+++ DATA SHOWN +++

(* For all integers $n\ge 1$ and $q\ge 3$ there exists a quasi-complementary Hamming metric Gray code of $q$-ary $n$-tuples.
   Context: The Hamming distance between two words is the number of coordinates in which they differ. A quasi-complementary Hamming metric Gray code of $q$-ary $n$-tuples is an ordering $G(0),\ldots,G(q^n-1)$ of all words of $\mathbb{Z}_q^n$ such that consecutive words $G(i),G(i+1)$ ($0\le i<q^n-1$) have Hamming distance $1$ and $G((i+q^{n-1})\bmod q^n)=G(i)+(1,1,\ldots,1)$ for all $i$, with addition in $\mathbb{Z}_q^n$. *)

theory Defs
  imports Main
begin

text \<open>Words of Z_q^n are represented as functions nat => nat with entries in {0..<q}
  on the coordinates {0..<n} and equal to 0 outside.\<close>

definition words :: "nat \<Rightarrow> nat \<Rightarrow> (nat \<Rightarrow> nat) set" where
  "words q n = {w. (\<forall>i<n. w i < q) \<and> (\<forall>i\<ge>n. w i = 0)}"

definition hamming_dist :: "nat \<Rightarrow> (nat \<Rightarrow> nat) \<Rightarrow> (nat \<Rightarrow> nat) \<Rightarrow> nat" where
  "hamming_dist n u v = card {i. i < n \<and> u i \<noteq> v i}"

definition add_ones :: "nat \<Rightarrow> nat \<Rightarrow> (nat \<Rightarrow> nat) \<Rightarrow> (nat \<Rightarrow> nat)" where
  "add_ones q n w = (\<lambda>i. if i < n then (w i + 1) mod q else 0)"

definition quasi_compl_gray_code :: "nat \<Rightarrow> nat \<Rightarrow> (nat \<Rightarrow> (nat \<Rightarrow> nat)) \<Rightarrow> bool" where
  "quasi_compl_gray_code q n G \<longleftrightarrow>
     bij_betw G {..<q ^ n} (words q n) \<and>
     (\<forall>i. i + 1 < q ^ n \<longrightarrow> hamming_dist n (G i) (G (i + 1)) = 1) \<and>
     (\<forall>i<q ^ n. G ((i + q ^ (n - 1)) mod q ^ n) = add_ones q n (G i))"

end

theory Submission
  imports Defs "HOL-Library.FuncSet" "HOL-Number_Theory.Cong"
begin

(* For q \<ge> 3 there is a Hamming Gray path through Z_q^m from the zero word 0 to the all-ones
   word 1.  Inductively, such a path H is extended by a last coordinate which, while the first
   m coordinates rest at the j-th word of H, runs through a permutation of Z_q; the permutations
   are chained so that consecutive blocks meet in the same digit and the last digit ends at 1.

   Given such a path H, list the q copies H + c 1 (c = 0, ..., q - 1), each extended by the
   digit c.  Since H(q^m - 1) + c 1 = H(0) + (c + 1) 1, this is a Gray code of Z_q^(m+1), and
   moving q^m steps ahead replaces c by c + 1 mod q, i.e. adds the all-ones word. *)

definition ones :: "nat \<Rightarrow> nat \<Rightarrow> nat" where
  "ones m = (\<lambda>i. if i < m then 1 else 0)"

definition translate :: "nat \<Rightarrow> nat \<Rightarrow> nat \<Rightarrow> (nat \<Rightarrow> nat) \<Rightarrow> nat \<Rightarrow> nat" where
  "translate q n c w = (\<lambda>i. if i < n then (w i + c) mod q else 0)"

definition gray_path :: "nat \<Rightarrow> nat \<Rightarrow> (nat \<Rightarrow> nat \<Rightarrow> nat) \<Rightarrow> bool" where
  "gray_path q n H \<longleftrightarrow> bij_betw H {..<q ^ n} (words q n) \<and>
     (\<forall>i. i + 1 < q ^ n \<longrightarrow> hamming_dist n (H i) (H (i + 1)) = 1)"

lemma quasi_compl_gray_code_iff:
  "quasi_compl_gray_code q n G \<longleftrightarrow> gray_path q n G \<and>
     (\<forall>i<q ^ n. G ((i + q ^ (n - 1)) mod q ^ n) = add_ones q n (G i))"
  unfolding quasi_compl_gray_code_def gray_path_def by blast

lemma bij_betw_PiE_words:
  "bij_betw (\<lambda>f i. if i < n then f i else 0) ({..<n} \<rightarrow>\<^sub>E {..<q}) (words q n)"
  by (rule bij_betw_byWitness[where f' = "\<lambda>w. restrict w {..<n}"])
    (auto simp: words_def fun_eq_iff PiE_def extensional_def)

lemma finite_words: "finite (words q n)"
  using bij_betw_finite[OF bij_betw_PiE_words] by (simp add: finite_PiE)

lemma card_words: "card (words q n) = q ^ n"
  using bij_betw_same_card[OF bij_betw_PiE_words] by (simp add: card_PiE)

lemma gray_pathI:
  assumes "inj_on H {..<q ^ n}"
    and "\<And>i. i < q ^ n \<Longrightarrow> H i \<in> words q n"
    and "\<And>i. i + 1 < q ^ n \<Longrightarrow> hamming_dist n (H i) (H (i + 1)) = 1"
  shows "gray_path q n H"
proof -
  have "H ` {..<q ^ n} = words q n"
    using assms(1,2) card_image[OF assms(1)]
    by (intro card_subset_eq finite_words) (auto simp: card_words)
  then show ?thesis
    unfolding gray_path_def bij_betw_def using assms(1,3) by blast
qed

lemma words_fun_upd: "w \<in> words q m \<Longrightarrow> a < q \<Longrightarrow> w(m := a) \<in> words q (Suc m)"
  by (auto simp: words_def less_Suc_eq)

lemma hamming_dist_fun_upd_same:
  "hamming_dist (Suc m) (u(m := a)) (v(m := a)) = hamming_dist m u v"
  unfolding hamming_dist_def by (rule arg_cong[where f = card]) (auto simp: less_Suc_eq)

lemma hamming_dist_fun_upd_neq:
  assumes "a \<noteq> b"
  shows "hamming_dist (Suc m) (u(m := a)) (u(m := b)) = 1"
proof -
  have "{i. i < Suc m \<and> (u(m := a)) i \<noteq> (u(m := b)) i} = {m}"
    using assms by auto
  then show ?thesis
    unfolding hamming_dist_def by simp
qed

lemma add_mod_right_cancel_less:
  fixes a b c q :: nat
  assumes "a < q" and "b < q"
  shows "(a + c) mod q = (b + c) mod q \<longleftrightarrow> a = b"
  using cong_add_rcancel_nat[of a c b q] assms by (simp add: cong_def)

lemma translate_in_words: "0 < q \<Longrightarrow> translate q n c w \<in> words q n"
  by (simp add: translate_def words_def)

lemma translate_inj:
  assumes "u \<in> words q n" and "v \<in> words q n" and "translate q n c u = translate q n c v"
  shows "u = v"
proof
  fix i
  show "u i = v i"
  proof (cases "i < n")
    case True
    have "(u i + c) mod q = (v i + c) mod q"
      using fun_cong[OF assms(3), of i] True by (simp add: translate_def)
    then show ?thesis
      using assms(1,2) True by (simp add: words_def add_mod_right_cancel_less)
  next
    case False
    then show ?thesis
      using assms(1,2) by (simp add: words_def)
  qed
qed

lemma hamming_dist_translate:
  assumes "u \<in> words q n" and "v \<in> words q n"
  shows "hamming_dist n (translate q n c u) (translate q n c v) = hamming_dist n u v"
  unfolding hamming_dist_def using assms
  by (intro arg_cong[where f = card]) (auto simp: translate_def words_def add_mod_right_cancel_less)

lemma translate_Suc:
  "w m = 0 \<Longrightarrow> translate q (Suc m) c w = (translate q m c w)(m := c mod q)"
  by (auto simp: translate_def fun_eq_iff less_Suc_eq)

lemma translate_mod: "translate q n (c mod q) w = translate q n c w"
  by (simp add: translate_def fun_eq_iff mod_simps)

lemma add_ones_translate: "add_ones q n (translate q n c w) = translate q n (Suc c) w"
  by (simp add: add_ones_def translate_def fun_eq_iff mod_Suc_eq)

lemma translate_ones: "translate q m c (ones m) = translate q m (Suc c) (\<lambda>_. 0)"
  by (simp add: translate_def ones_def fun_eq_iff)

definition tail_cycle :: "nat \<Rightarrow> nat \<Rightarrow> nat \<Rightarrow> nat" where
  "tail_cycle q a t = (if t < a then t else if t = q - 1 then a else t + 1)"

lemma bij_betw_tail_cycle:
  assumes "a < q"
  shows "bij_betw (tail_cycle q a) {..<q} {..<q}"
proof -
  have "inj_on (tail_cycle q a) {..<q}"
    by (auto simp: inj_on_def tail_cycle_def split: if_splits)
  moreover have "tail_cycle q a ` {..<q} \<subseteq> {..<q}"
    using assms by (auto simp: tail_cycle_def)
  ultimately show ?thesis
    by (simp add: bij_betw_def endo_inj_surj)
qed

lemma bij_betw_add_mod:
  assumes "0 < (q::nat)"
  shows "bij_betw (\<lambda>t. (t + c) mod q) {..<q} {..<q}"
proof -
  have "inj_on (\<lambda>t. (t + c) mod q) {..<q}"
    by (auto simp: inj_on_def add_mod_right_cancel_less)
  moreover have "(\<lambda>t. (t + c) mod q) ` {..<q} \<subseteq> {..<q}"
    using assms by auto
  ultimately show ?thesis
    by (simp add: bij_betw_def endo_inj_surj)
qed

+++

- [EXERCISE AIM]:
What the task asks for is a word-for-word repeat of the lines above, from the first through the one containing "text \<open>Words of".

- [REPLY TO THE TASK]:
(* For all integers $n\ge 1$ and $q\ge 3$ there exists a quasi-complementary Hamming metric Gray code of $q$-ary $n$-tuples.
   Context: The Hamming distance between two words is the number of coordinates in which they differ. A quasi-complementary Hamming metric Gray code of $q$-ary $n$-tuples is an ordering $G(0),\ldots,G(q^n-1)$ of all words of $\mathbb{Z}_q^n$ such that consecutive words $G(i),G(i+1)$ ($0\le i<q^n-1$) have Hamming distance $1$ and $G((i+q^{n-1})\bmod q^n)=G(i)+(1,1,\ldots,1)$ for all $i$, with addition in $\mathbb{Z}_q^n$. *)

theory Defs
  imports Main
begin

text \<open>Words of Z_q^n are represented as functions nat => nat with entries in {0..<q}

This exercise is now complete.